[[ Records supplied open ]]
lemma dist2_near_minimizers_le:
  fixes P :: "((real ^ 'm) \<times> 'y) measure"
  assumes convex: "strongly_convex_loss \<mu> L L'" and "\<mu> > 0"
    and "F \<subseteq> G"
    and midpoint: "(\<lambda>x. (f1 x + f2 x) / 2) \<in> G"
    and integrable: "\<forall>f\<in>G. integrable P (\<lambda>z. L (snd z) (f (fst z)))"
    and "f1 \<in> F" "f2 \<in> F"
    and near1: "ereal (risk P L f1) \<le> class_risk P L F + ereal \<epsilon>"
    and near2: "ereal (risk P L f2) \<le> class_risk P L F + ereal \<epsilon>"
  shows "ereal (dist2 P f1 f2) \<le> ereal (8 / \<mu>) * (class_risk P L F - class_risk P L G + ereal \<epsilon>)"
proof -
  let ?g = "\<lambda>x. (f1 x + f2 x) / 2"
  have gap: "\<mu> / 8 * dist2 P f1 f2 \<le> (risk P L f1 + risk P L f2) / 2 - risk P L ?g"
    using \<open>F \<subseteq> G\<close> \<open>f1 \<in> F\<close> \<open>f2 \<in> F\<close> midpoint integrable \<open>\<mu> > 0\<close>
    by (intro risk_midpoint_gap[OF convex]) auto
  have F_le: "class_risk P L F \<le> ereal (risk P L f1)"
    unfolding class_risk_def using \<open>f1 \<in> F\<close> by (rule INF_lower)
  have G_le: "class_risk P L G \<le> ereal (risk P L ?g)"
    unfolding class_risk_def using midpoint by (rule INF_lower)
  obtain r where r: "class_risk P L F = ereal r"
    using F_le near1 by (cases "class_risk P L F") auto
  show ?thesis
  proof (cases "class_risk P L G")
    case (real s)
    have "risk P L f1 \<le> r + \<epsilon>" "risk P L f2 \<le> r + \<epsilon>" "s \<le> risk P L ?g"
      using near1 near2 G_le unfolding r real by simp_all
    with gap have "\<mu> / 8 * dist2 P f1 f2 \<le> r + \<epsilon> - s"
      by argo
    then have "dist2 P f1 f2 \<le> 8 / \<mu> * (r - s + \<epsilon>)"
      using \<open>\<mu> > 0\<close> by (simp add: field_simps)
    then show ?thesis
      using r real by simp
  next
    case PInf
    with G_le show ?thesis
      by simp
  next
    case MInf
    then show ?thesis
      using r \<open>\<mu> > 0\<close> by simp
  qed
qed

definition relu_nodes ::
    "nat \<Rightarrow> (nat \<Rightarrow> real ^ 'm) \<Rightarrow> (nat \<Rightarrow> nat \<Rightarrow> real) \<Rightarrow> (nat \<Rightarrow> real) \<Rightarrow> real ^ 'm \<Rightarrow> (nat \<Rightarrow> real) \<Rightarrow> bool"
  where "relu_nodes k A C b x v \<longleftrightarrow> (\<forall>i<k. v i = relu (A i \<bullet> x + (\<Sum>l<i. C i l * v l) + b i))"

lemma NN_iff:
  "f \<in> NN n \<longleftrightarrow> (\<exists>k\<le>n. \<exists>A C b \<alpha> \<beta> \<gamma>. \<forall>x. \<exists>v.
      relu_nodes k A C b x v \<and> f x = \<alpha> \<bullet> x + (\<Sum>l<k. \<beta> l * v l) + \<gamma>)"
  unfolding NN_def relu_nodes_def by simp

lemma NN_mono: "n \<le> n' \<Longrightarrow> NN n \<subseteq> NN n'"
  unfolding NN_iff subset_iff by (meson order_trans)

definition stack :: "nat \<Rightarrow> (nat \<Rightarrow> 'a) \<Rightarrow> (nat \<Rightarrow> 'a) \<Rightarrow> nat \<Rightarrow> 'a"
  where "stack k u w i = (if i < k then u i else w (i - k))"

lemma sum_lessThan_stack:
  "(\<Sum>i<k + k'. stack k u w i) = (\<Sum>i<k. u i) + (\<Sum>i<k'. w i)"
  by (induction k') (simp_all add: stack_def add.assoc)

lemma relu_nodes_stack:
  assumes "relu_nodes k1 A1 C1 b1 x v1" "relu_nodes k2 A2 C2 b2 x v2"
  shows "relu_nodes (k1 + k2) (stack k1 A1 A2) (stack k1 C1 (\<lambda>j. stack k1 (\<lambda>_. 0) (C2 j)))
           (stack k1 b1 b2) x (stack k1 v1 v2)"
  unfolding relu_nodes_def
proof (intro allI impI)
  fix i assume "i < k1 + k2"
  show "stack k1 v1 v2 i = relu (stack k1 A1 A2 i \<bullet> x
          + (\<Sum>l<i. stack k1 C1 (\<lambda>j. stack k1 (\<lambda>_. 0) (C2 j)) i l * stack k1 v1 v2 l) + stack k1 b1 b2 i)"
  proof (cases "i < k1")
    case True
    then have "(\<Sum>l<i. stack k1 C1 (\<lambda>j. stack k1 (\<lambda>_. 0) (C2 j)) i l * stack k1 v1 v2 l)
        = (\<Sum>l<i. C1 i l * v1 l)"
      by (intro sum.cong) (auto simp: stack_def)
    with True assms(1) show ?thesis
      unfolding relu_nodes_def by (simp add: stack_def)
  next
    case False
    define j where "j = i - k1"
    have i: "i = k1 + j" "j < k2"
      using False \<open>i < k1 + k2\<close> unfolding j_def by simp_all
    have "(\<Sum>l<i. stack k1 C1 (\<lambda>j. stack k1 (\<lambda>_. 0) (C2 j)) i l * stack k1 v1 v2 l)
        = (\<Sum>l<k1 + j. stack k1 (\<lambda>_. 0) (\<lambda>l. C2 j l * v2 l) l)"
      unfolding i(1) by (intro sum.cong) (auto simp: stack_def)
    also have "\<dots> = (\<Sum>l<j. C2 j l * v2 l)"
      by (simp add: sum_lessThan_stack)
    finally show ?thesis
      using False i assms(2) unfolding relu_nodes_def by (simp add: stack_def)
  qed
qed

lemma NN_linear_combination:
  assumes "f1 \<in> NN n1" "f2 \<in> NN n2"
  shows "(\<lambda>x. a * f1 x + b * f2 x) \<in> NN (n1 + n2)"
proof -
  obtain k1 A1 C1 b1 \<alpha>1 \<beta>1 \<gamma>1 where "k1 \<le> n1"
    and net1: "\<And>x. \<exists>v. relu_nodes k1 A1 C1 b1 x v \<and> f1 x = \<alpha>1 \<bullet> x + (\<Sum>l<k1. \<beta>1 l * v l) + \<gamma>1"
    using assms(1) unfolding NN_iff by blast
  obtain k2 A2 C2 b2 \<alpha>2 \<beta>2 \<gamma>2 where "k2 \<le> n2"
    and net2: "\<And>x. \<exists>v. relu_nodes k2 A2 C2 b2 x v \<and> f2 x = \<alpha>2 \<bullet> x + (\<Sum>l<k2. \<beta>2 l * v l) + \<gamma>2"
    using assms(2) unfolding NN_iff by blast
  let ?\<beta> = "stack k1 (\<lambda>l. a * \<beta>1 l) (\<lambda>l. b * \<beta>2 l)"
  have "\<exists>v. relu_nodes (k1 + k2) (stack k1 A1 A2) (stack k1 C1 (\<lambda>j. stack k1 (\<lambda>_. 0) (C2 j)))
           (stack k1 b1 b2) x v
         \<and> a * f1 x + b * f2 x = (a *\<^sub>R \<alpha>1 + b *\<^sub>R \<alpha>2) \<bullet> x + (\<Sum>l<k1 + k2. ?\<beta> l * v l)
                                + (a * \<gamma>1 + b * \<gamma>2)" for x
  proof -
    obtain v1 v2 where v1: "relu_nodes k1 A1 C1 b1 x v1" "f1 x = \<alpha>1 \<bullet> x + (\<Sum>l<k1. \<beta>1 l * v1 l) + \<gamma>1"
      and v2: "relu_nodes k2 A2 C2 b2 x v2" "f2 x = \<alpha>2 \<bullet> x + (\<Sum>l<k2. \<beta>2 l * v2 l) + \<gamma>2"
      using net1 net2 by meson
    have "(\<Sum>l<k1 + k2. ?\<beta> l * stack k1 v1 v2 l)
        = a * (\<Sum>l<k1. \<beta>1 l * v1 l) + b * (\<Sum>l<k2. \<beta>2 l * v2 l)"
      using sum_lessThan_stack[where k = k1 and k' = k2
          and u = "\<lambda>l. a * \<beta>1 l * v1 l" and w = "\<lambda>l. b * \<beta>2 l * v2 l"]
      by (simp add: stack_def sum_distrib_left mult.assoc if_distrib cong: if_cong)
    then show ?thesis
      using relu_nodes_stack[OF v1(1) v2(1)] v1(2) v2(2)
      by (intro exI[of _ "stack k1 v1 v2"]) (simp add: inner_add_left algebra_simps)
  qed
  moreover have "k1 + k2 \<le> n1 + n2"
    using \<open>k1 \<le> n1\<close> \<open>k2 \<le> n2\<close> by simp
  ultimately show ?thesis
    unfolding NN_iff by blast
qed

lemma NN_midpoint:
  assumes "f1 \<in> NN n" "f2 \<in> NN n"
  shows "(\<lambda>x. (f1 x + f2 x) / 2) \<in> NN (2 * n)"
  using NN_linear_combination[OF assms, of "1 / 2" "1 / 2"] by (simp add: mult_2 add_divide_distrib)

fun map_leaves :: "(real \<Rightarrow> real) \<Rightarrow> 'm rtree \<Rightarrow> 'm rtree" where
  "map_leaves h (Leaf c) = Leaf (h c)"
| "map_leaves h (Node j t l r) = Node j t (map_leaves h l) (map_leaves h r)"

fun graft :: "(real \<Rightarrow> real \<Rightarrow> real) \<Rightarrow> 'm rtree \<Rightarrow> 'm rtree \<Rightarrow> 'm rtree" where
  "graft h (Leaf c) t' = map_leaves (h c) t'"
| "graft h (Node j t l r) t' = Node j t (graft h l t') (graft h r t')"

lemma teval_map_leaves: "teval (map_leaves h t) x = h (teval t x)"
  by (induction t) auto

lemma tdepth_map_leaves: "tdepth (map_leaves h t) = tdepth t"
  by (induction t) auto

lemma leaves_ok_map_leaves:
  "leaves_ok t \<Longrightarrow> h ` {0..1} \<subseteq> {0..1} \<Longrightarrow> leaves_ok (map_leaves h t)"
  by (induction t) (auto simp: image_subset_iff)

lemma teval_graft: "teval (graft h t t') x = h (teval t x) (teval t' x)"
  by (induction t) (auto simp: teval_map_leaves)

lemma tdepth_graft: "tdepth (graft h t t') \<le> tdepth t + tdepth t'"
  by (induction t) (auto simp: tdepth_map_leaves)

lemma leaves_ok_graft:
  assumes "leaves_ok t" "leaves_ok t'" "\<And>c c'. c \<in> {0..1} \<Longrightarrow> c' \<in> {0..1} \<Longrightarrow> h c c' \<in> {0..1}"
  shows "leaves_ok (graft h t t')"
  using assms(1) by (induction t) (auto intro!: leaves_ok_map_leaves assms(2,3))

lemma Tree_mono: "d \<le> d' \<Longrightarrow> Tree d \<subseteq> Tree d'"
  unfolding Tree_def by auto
[[ Records supplied closed ]]
== Exercise prompt ==
What lines in the records above include the string "proof"? Copy each one.

== Reply ==
proof -
  proof (cases "class_risk P L G")
proof (intro allI impI)
  proof (cases "i < k1")
proof -
  proof -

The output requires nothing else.